I learned of the Monfils case in 2009 when I read another book called The Monfils Conspiracy; The Conviction of Six Innocent Men, coauthored by John Gaie and Denis Gullickson with the help of exoneree Michael ‘Pie’ Piaskowski. At the time, I knew nothing about being falsely accused or the possibility of being convicted for a crime I did not commit. Since then, the idea that everyone in prison claims to be innocent has taken on new meaning for me because the fact is; many in prison really are innocent.

In the meantime, legal efforts regarding this case continue in the court system. Recently, a petition for a writ of certiorari—a document asking the high court to review the decision of a lower court–was filed in the U.S. Supreme Court by Steven Z. Kaplan from the Minneapolis law firm of Fredrikson&Byron, PA, on behalf of Keith Kutska. This court is in recess until October so a ruling of whether or not the court will consider examining the case will not be announced before then.
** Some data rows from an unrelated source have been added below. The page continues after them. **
(* Let $d$ be a metric on $\mathbb R^n$ induced by a norm, $\delta>0$. Let $\{\mathcal D^n(\delta);\tilde w_1,\dots,\tilde w_N;p_1,\dots,p_N\}$ be a DIFS in which each $\tilde w_i$ is the $\delta$-roundoff of a contraction $w_i$ on $(\mathbb R^n,d)$ with contractivity factor $\lambda_i$, and let $\lambda_{max}=\max_i\lambda_i$. Let $\{\mathbb R^n;w_1,\dots,w_N;q_1,\dots,q_N\}$ be an IFS with constant probabilities $q_i\in(0,1]$, $\sum_iq_i=1$. Let $\tilde x_0\in\mathcal D^n(\delta)$, and let $X=\{X_k\}$ with $X_0=\tilde x_0$ and $\tilde X=\{\tilde X_k\}$ with $\tilde X_0=\tilde x_0$ be the Markov chains generated by the IFS and the DIFS respectively (at each step a map index is chosen according to $(q_i)$, resp. $(p_i(\tilde X_{k-1}))$, and the chosen map is applied). Then for any orbit $\{x_k=w_{i_k}(x_{k-1})\}$ of $X$ (respectively any orbit $\{\tilde x_k=\tilde w_{i_k}(\tilde x_{k-1})\}$ of $\tilde X$) there exists an orbit $\{\tilde x_k=\tilde w_{i_k}(\tilde x_{k-1})\}$ of $\tilde X$ (respectively an orbit $\{x_k=w_{i_k}(x_{k-1})\}$ of $X$), with the same index sequence $(i_k)$ and $x_0=\tilde x_0$, such that for all $k\in\mathbb N$, $$d(x_k,\tilde x_k)\le\theta(1-\lambda_{max})^{-1}.$$
   Context: For $m\in\mathbb Z^n$, $C_\delta(m)=\prod_{j=1}^n[(m_j-\tfrac12)\delta,(m_j+\tfrac12)\delta)$; $\mathcal D^n(\delta)=\{\delta m:m\in\mathbb Z^n\}\subset\mathbb R^n$. The $\delta$-roundoff of $x\in\mathbb R^n$ is $\tilde x=\delta m$ where $x\in C_\delta(m)$; the $\delta$-roundoff of $w$ is $\tilde w(\tilde x)=\widetilde{w(\tilde x)}$ on $\mathcal D^n(\delta)$. $\theta:=\tfrac12\operatorname{diam}_d(C_\delta(0))$. A DIFS $\{S;\tilde w_1,\dots,\tilde w_N;p_1,\dots,p_N\}$ consists of $S\subset\mathcal D^n(\delta)$, maps $\tilde w_i:S\to S$ and functions $p_i:S\to(0,1]$ with $\sum_ip_i(\tilde x)=1$ for every $\tilde x$. *)

theory Defs
  imports "HOL-Analysis.Analysis"
begin

text \<open>A norm on R^n (the metric d is d x y = nrm (x - y)).\<close>
definition is_norm :: "(real^'n \<Rightarrow> real) \<Rightarrow> bool" where
  "is_norm nrm \<longleftrightarrow>
     (\<forall>x. nrm x = 0 \<longleftrightarrow> x = 0) \<and>
     (\<forall>x y. nrm (x + y) \<le> nrm x + nrm y) \<and>
     (\<forall>c x. nrm (c *\<^sub>R x) = \<bar>c\<bar> * nrm x)"

definition cell :: "real \<Rightarrow> (int^'n) \<Rightarrow> (real^'n) set" where
  "cell \<delta> m = {x. \<forall>j. (real_of_int (m$j) - 1/2) * \<delta> \<le> x$j \<and> x$j < (real_of_int (m$j) + 1/2) * \<delta>}"

definition grid :: "real \<Rightarrow> (real^'n) set" where
  "grid \<delta> = {x. \<exists>m::int^'n. x = (\<chi> j. \<delta> * real_of_int (m$j))}"

text \<open>delta-roundoff: the grid point delta*m with x in C_delta(m).\<close>
definition roundoff :: "real \<Rightarrow> real^'n \<Rightarrow> real^'n" where
  "roundoff \<delta> x = (\<chi> j. \<delta> * real_of_int \<lfloor>x$j / \<delta> + 1/2\<rfloor>)"

definition theta :: "(real^'n \<Rightarrow> real) \<Rightarrow> real \<Rightarrow> real" where
  "theta nrm \<delta> = (1/2) * (SUP x\<in>cell \<delta> (0::int^'n). SUP y\<in>cell \<delta> 0. nrm (x - y))"

end

theory Submission
  imports Defs
begin
(* Let $A\subset\mathbb{R}$ be a Lebesgue measurable set and $a\in\mathbb{R}$. Then the following are equivalent: (i) every function $f:A\to\mathbb{R}$ which has a $T_6$ limit at $a$ has exactly one $T_6$ limit at $a$ (i.e. if $T_6\lim_{x\to a}f(x)=L_1$ and $T_6\lim_{x\to a}f(x)=L_2$ then $L_1=L_2$); (ii) $\left|\left((a-\delta,a+\delta)\setminus\{a\}\right)\cap A\right|>0$ for every real $\delta>0$.
   Context: $|K|$ denotes the Lebesgue measure of $K\subset\mathbb{R}$ (a set of measure zero means a Lebesgue null set, i.e. Lebesgue outer measure zero). For $A\subset\mathbb{R}$, $f:A\to\mathbb{R}$ and $a,L\in\mathbb{R}$, one writes $T_6\lim_{x\to a}f(x)=L$ if for every real $\varepsilon>0$ there exists a real $\delta_\varepsilon>0$ such that $\left|\left\{x\in\left((a-\delta_{\varepsilon},a+\delta_{\varepsilon})\setminus\{a\}\right)\cap A:\ |f(x)-L|\geq\varepsilon\right\}\right|=0$. *)

theory Defs
  imports "HOL-Analysis.Analysis"
begin

text \<open>T6 limit: for every eps > 0 there is delta > 0 such that the set of points of the
punctured delta-neighbourhood of a lying in A where |f x - L| >= eps is a Lebesgue null set
(Lebesgue outer measure zero; lebesgue is complete so this is membership in null_sets lebesgue).
Only the values of f on A matter.\<close>
definition T6_lim :: "real set \<Rightarrow> (real \<Rightarrow> real) \<Rightarrow> real \<Rightarrow> real \<Rightarrow> bool" where
  "T6_lim A f a L \<longleftrightarrow>
     (\<forall>\<epsilon>>0. \<exists>\<delta>>0.
        {x \<in> ({a - \<delta> <..< a + \<delta>} - {a}) \<inter> A. \<bar>f x - L\<bar> \<ge> \<epsilon>} \<in> null_sets lebesgue)"

end

theory Submission
  imports Defs
begin

text \<open>If A is null near a, every condition in the definition of T6_lim holds vacuously, so every
real is a limit of every function. Conversely, if two distinct limits L1, L2 exist, then with
\<epsilon> = |L1 - L2|/2 every point of A near a lies in one of the two exceptional null sets, so A is null
near a. Measurability of A is needed only because emeasure of a non-measurable set is 0.\<close>

lemma null_nbhd_imp_T6_lim:
  assumes "d > 0" and "({a - d <..< a + d} - {a}) \<inter> A \<in> null_sets lebesgue"
  shows "T6_lim A f a L"
  unfolding T6_lim_def
proof (intro allI impI exI conjI)
  fix \<epsilon> :: real
  show "d > 0" by (fact assms(1))
  show "{x \<in> ({a - d <..< a + d} - {a}) \<inter> A. \<bar>f x - L\<bar> \<ge> \<epsilon>} \<in> null_sets lebesgue"
    by (rule null_sets_completion_subset[OF _ assms(2)]) blast
qed

lemma T6_lim_distinct_imp_null_nbhd:
  assumes L1: "T6_lim A f a L1" and L2: "T6_lim A f a L2" and "L1 \<noteq> L2"
  obtains d where "d > 0" and "({a - d <..< a + d} - {a}) \<inter> A \<in> null_sets lebesgue"
proof -
  define \<epsilon> where "\<epsilon> = \<bar>L1 - L2\<bar> / 2"
  have "\<epsilon> > 0" using \<open>L1 \<noteq> L2\<close> by (simp add: \<epsilon>_def)
  obtain d1 where "d1 > 0"
    and N1: "{x \<in> ({a - d1 <..< a + d1} - {a}) \<inter> A. \<bar>f x - L1\<bar> \<ge> \<epsilon>} \<in> null_sets lebesgue"
    using L1 \<open>\<epsilon> > 0\<close> unfolding T6_lim_def by blast
  obtain d2 where "d2 > 0"
    and N2: "{x \<in> ({a - d2 <..< a + d2} - {a}) \<inter> A. \<bar>f x - L2\<bar> \<ge> \<epsilon>} \<in> null_sets lebesgue"
    using L2 \<open>\<epsilon> > 0\<close> unfolding T6_lim_def by blast
  define d where "d = min d1 d2"
  have "\<bar>f x - L1\<bar> \<ge> \<epsilon> \<or> \<bar>f x - L2\<bar> \<ge> \<epsilon>" for x
    unfolding \<epsilon>_def by (auto simp: abs_if)
  then have "({a - d <..< a + d} - {a}) \<inter> A \<subseteq>
      {x \<in> ({a - d1 <..< a + d1} - {a}) \<inter> A. \<bar>f x - L1\<bar> \<ge> \<epsilon>} \<union>
      {x \<in> ({a - d2 <..< a + d2} - {a}) \<inter> A. \<bar>f x - L2\<bar> \<ge> \<epsilon>}"
    by (auto simp: d_def)
  then have "({a - d <..< a + d} - {a}) \<inter> A \<in> null_sets lebesgue"
    using N1 N2 by (blast intro: null_sets_completion_subset)
  moreover have "d > 0" using \<open>d1 > 0\<close> \<open>d2 > 0\<close> by (simp add: d_def)
  ultimately show thesis using that by blast
qed

theorem theorem5:
  fixes A :: "real set" and a :: real
  assumes "A \<in> sets lebesgue"
  shows "(\<forall>f L1 L2. T6_lim A f a L1 \<and> T6_lim A f a L2 \<longrightarrow> L1 = L2) \<longleftrightarrow>
         (\<forall>\<delta>>0. emeasure lebesgue (({a - \<delta> <..< a + \<delta>} - {a}) \<inter> A) > 0)"
proof
  assume unique: "\<forall>f L1 L2. T6_lim A f a L1 \<and> T6_lim A f a L2 \<longrightarrow> L1 = L2"
  show "\<forall>\<delta>>0. emeasure lebesgue (({a - \<delta> <..< a + \<delta>} - {a}) \<inter> A) > 0"
  proof (intro allI impI)
    fix d :: real
    assume "d > 0"
    \<comment> \<open>otherwise the zero function would have both limits 0 and 1\<close>
    have "({a - d <..< a + d} - {a}) \<inter> A \<notin> null_sets lebesgue"
      using unique null_nbhd_imp_T6_lim[OF \<open>d > 0\<close>, of a A "\<lambda>_. 0"] by force
    moreover have "({a - d <..< a + d} - {a}) \<inter> A \<in> sets lebesgue"
      using assms by auto
    ultimately show "emeasure lebesgue (({a - d <..< a + d} - {a}) \<inter> A) > 0"
      by (auto intro: null_setsI simp: zero_less_iff_neq_zero)
  qed
next
  assume "\<forall>\<delta>>0. emeasure lebesgue (({a - \<delta> <..< a + \<delta>} - {a}) \<inter> A) > 0"
  then show "\<forall>f L1 L2. T6_lim A f a L1 \<and> T6_lim A f a L2 \<longrightarrow> L1 = L2"
    by (metis T6_lim_distinct_imp_null_nbhd null_setsD1 order_less_irrefl)
qed

end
The main points of this latest petition:

  • The accuracy and conclusion of the coroner’s report
  • Trial counsel’s failure to consult a forensic pathologist
  • Post-conviction counsel’s failure to consult a forensic pathologist
  • Defense counsel’s failures to investigate suicide
  • Defense counsel’s deficient and prejudicial representation
  • Due process violations and perjured testimony

*Please note that as of July 1, 2017, my JoanTreppa.Wordpress.com blog will be discontinued and all new content will be posted here, at JoanTreppa.com. This new site titled A Matter of Facts contains all previous posts along with additional content and a link to order my book. I invite you to stay connected through subscribing to this new site. Thank you for your interest.

On a final note, I wanted to share the Mother’s Day card my son, Jared, designed for me this year (2017). It contains a photo he took along with a poem he composed with words and phrases taken from my book. Best card ever!